Encore Michigan

Beetlejuice is a lively, fun spectacle

Review February 04, 2023 David Kiley

DETROIT, MI–When it comes to Tim Burton’s 1988 film, Beetlejuice, the world is pretty much made up of two camps: those who adore the movie to the point of cult status, and those who are indifferent to the goth fandango.

As is the case with so many Broadway shows these days, the producers of Beetlejuice, the musical, are aiming at two objectives: create a spectacle out of an existing property and franchise and draw in the cultists around the movie, and attract young theater goers.

Despite the film being 34 years in the rearview mirror, the theme and lunchbox merch crowd between 14 or so and 40 were out in full force this week at The Detroit Opera House. It was quite a mixed crowd, from teenagers with Beetlejuice tee-shirts to some rather sketchy looking forty-somethings wearing pinstriped pajama pants and hair or wigs with half a can of hairspray to keep it going in five or six different directions just like the original Beetlejuice played by Michael Keaton.

Directed by Alex Timbers with music and lyrics by Eddie Perfect and book by Scott Brown and Anthony King, the musical version goes in directions Burton and Keaton likely would not have imagined when they were doing a table read with Ronald Reagan in the White House.

Justin Collette as Beetlejuice is fast-talking, amped and pretty caffeinated. He comes off a bit like how I imagine the over-amped Guy Fieri (The Food Network) would be as a whimsical dead guy trapped in his own failed restaurant after a bunch of diners died of food poisoning. But the writers have given him some modern pop culture jabs quips and barbs far from the original: jokes about gay Republicans, book burnings like the ones right-wingers have staged in the American South, death, sexually transmitted diseases and the odd f-bomb dropped like chum in the water.

When the curtain opens, we are confronted by the house that Beetlejuice and the about-to-be-dead inhabitants. Scenic designer David Korins has created a Seuss-like house with exaggerated angles and colors.

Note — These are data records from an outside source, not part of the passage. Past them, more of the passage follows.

lemma bij_betw_offset_block:
  assumes "p < length ss"
  shows "bij_betw (offset ss) {u. u < sum_list ss \<and> block ss u = p} {..<ss ! p}"
  unfolding bij_betw_def
proof
  show "inj_on (offset ss) {u. u < sum_list ss \<and> block ss u = p}"
  proof (rule inj_onI)
    fix x y assume "x \<in> {u. u < sum_list ss \<and> block ss u = p}"
      "y \<in> {u. u < sum_list ss \<and> block ss u = p}" "offset ss x = offset ss y"
    then show "x = y" by (intro block_offset_inj[of x ss y]) auto
  qed
  show "offset ss ` {u. u < sum_list ss \<and> block ss u = p} = {..<ss ! p}"
  proof (intro equalityI subsetI)
    fix l assume "l \<in> offset ss ` {u. u < sum_list ss \<and> block ss u = p}"
    then obtain u where "u < sum_list ss" "block ss u = p" "l = offset ss u" by blast
    then show "l \<in> {..<ss ! p}" using block_offset_less[of u ss] by simp
  next
    fix l assume "l \<in> {..<ss ! p}"
    then obtain v where "v < sum_list ss" "block ss v = p" "offset ss v = l"
      using block_offset_surj[OF assms] by blast
    then show "l \<in> offset ss ` {u. u < sum_list ss \<and> block ss u = p}" by blast
  qed
qed

lemma card_block: "p < length ss \<Longrightarrow> card {u. u < sum_list ss \<and> block ss u = p} = ss ! p"
  using bij_betw_same_card[OF bij_betw_offset_block] by simp

definition mp_bounded_coloring :: "nat \<Rightarrow> nat \<Rightarrow> (nat \<Rightarrow> nat \<Rightarrow> nat) \<Rightarrow> nat \<Rightarrow> bool" where
  "mp_bounded_coloring n k c a \<longleftrightarrow> is_coloring n k c \<and> (\<forall>j<k. mp n c j \<le> a)"

definition block_coloring ::
    "nat list \<Rightarrow> (nat \<Rightarrow> nat \<Rightarrow> nat \<Rightarrow> nat) \<Rightarrow> nat \<Rightarrow> nat \<Rightarrow> nat \<Rightarrow> nat" where
  "block_coloring ss col k u v =
     (if block ss u = block ss v then col (block ss u) (offset ss u) (offset ss v) else k)"

locale block_sum =
  fixes ss :: "nat list" and col :: "nat \<Rightarrow> nat \<Rightarrow> nat \<Rightarrow> nat" and k a :: nat
  assumes distinct_sizes: "distinct ss" and few_blocks: "length ss \<le> a"
    and bounded_blocks: "\<And>p. p < length ss \<Longrightarrow> mp_bounded_coloring (ss ! p) k (col p) a"
begin

abbreviation "N \<equiv> sum_list ss"
abbreviation "C \<equiv> block_coloring ss col k"

lemma block_coloring_same_block:
  assumes "u < N" "v < N" "u \<noteq> v" "block ss u = block ss v"
  shows "C u v < k \<and> C u v = C v u"
proof -
  have "offset ss u \<noteq> offset ss v" using assms block_offset_inj by blast
  then show ?thesis
    using bounded_blocks[of "block ss v"] block_offset_less[OF assms(1)] block_offset_less[OF assms(2)]
      assms(4)
    unfolding block_coloring_def mp_bounded_coloring_def is_coloring_def by auto
qed

lemma block_coloring_eq_old_color:
  "j < k \<Longrightarrow> C v u = j \<longleftrightarrow> block ss u = block ss v \<and> col (block ss v) (offset ss v) (offset ss u) = j"
  unfolding block_coloring_def by auto

lemma is_coloring_block_coloring: "is_coloring N (Suc k) C"
  unfolding is_coloring_def
proof (intro allI impI)
  fix u v assume "u < N" "v < N" "u \<noteq> v"
  then show "C u v < Suc k \<and> C u v = C v u"
    using block_coloring_same_block[of u v]
    by (cases "block ss u = block ss v") (auto simp: block_coloring_def)
qed

lemma cdeg_new_color: assumes v: "v < N" shows "cdeg N C k v = N - ss ! block ss v"
proof -
  let ?same = "{u. u < N \<and> block ss u = block ss v}"
  have "{u. u < N \<and> u \<noteq> v \<and> C v u = k} = {..<N} - ?same"
  proof (intro set_eqI iffI)
    fix u assume "u \<in> {u. u < N \<and> u \<noteq> v \<and> C v u = k}"
    then show "u \<in> {..<N} - ?same" using block_coloring_same_block[of v u] v by auto
  qed (auto simp: block_coloring_def)
  then have "cdeg N C k v = N - card ?same"
    unfolding cdeg_def by (simp add: card_Diff_subset[of ?same] subset_eq)
  then show ?thesis using card_block block_offset_less[OF v] by simp
qed

lemma cdeg_old_color:
  assumes v: "v < N" and j: "j < k"
  shows "cdeg N C j v = cdeg (ss ! block ss v) (col (block ss v)) j (offset ss v)"
proof -
  let ?P = "block ss v"
  let ?S = "{u. u < N \<and> block ss u = ?P}"
  let ?A = "{u. u < N \<and> u \<noteq> v \<and> C v u = j}"
  let ?B = "{l. l < ss ! ?P \<and> l \<noteq> offset ss v \<and> col ?P (offset ss v) l = j}"
  have bij: "bij_betw (offset ss) ?S {..<ss ! ?P}"
    using bij_betw_offset_block[of ?P ss] block_offset_less[OF v] by simp
  have A: "?A = {u \<in> ?S. u \<noteq> v \<and> col ?P (offset ss v) (offset ss u) = j}"
    using block_coloring_eq_old_color[OF j] by blast
  have image: "offset ss ` ?A = ?B"
  proof (intro set_eqI iffI)
    fix l assume "l \<in> offset ss ` ?A"
    then obtain u where u: "u \<in> ?S" "u \<noteq> v" "col ?P (offset ss v) (offset ss u) = j"
      "l = offset ss u" unfolding A by blast
    then show "l \<in> ?B" using block_offset_less[of u ss] block_offset_inj[of u ss v] v by auto
  next
    fix l assume l: "l \<in> ?B"
    then have "l \<in> offset ss ` ?S" using bij_betw_imp_surj_on[OF bij] by auto
    then obtain u where "u \<in> ?S" "offset ss u = l" by blast
    then show "l \<in> offset ss ` ?A" using l unfolding A by auto
  qed
  have "inj_on (offset ss) ?A"
    using bij_betw_imp_inj_on[OF bij] by (rule inj_on_subset) (auto simp: A)
  from card_image[OF this] have "card ?B = card ?A" unfolding image .
  then show ?thesis unfolding cdeg_def by simp
qed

The wallop of the set, Beetlejuice breaking the fourth wall and seeing the new inhabitants of the house croaked in the first five minutes is all just the job to get the pajama wearers hooting and hollering. It works.

When Beetlejuice, in one of his asides to the audience, references the play itself: “Such a bold departure from the original source material,” it’s a clue that we are all in on the joke. This is not so much a play as it is a guilty pleasure. It’s showtime!

One of those deviations is the expansion of the role of Lydia (Isabelle Esler), daughter of Charles (Jesse Sharp.) Her Mother has recently died, and Charles has taken up with annoying Lifecoach Delia (Kate Marilley). She reminds us a bit of Wednesday from The Addams Family. Charles is going to try and turn the house into an investment after the electrocution death of the last owners, Adam (Will Burton) and Barbara (Britney Coleman) of the house.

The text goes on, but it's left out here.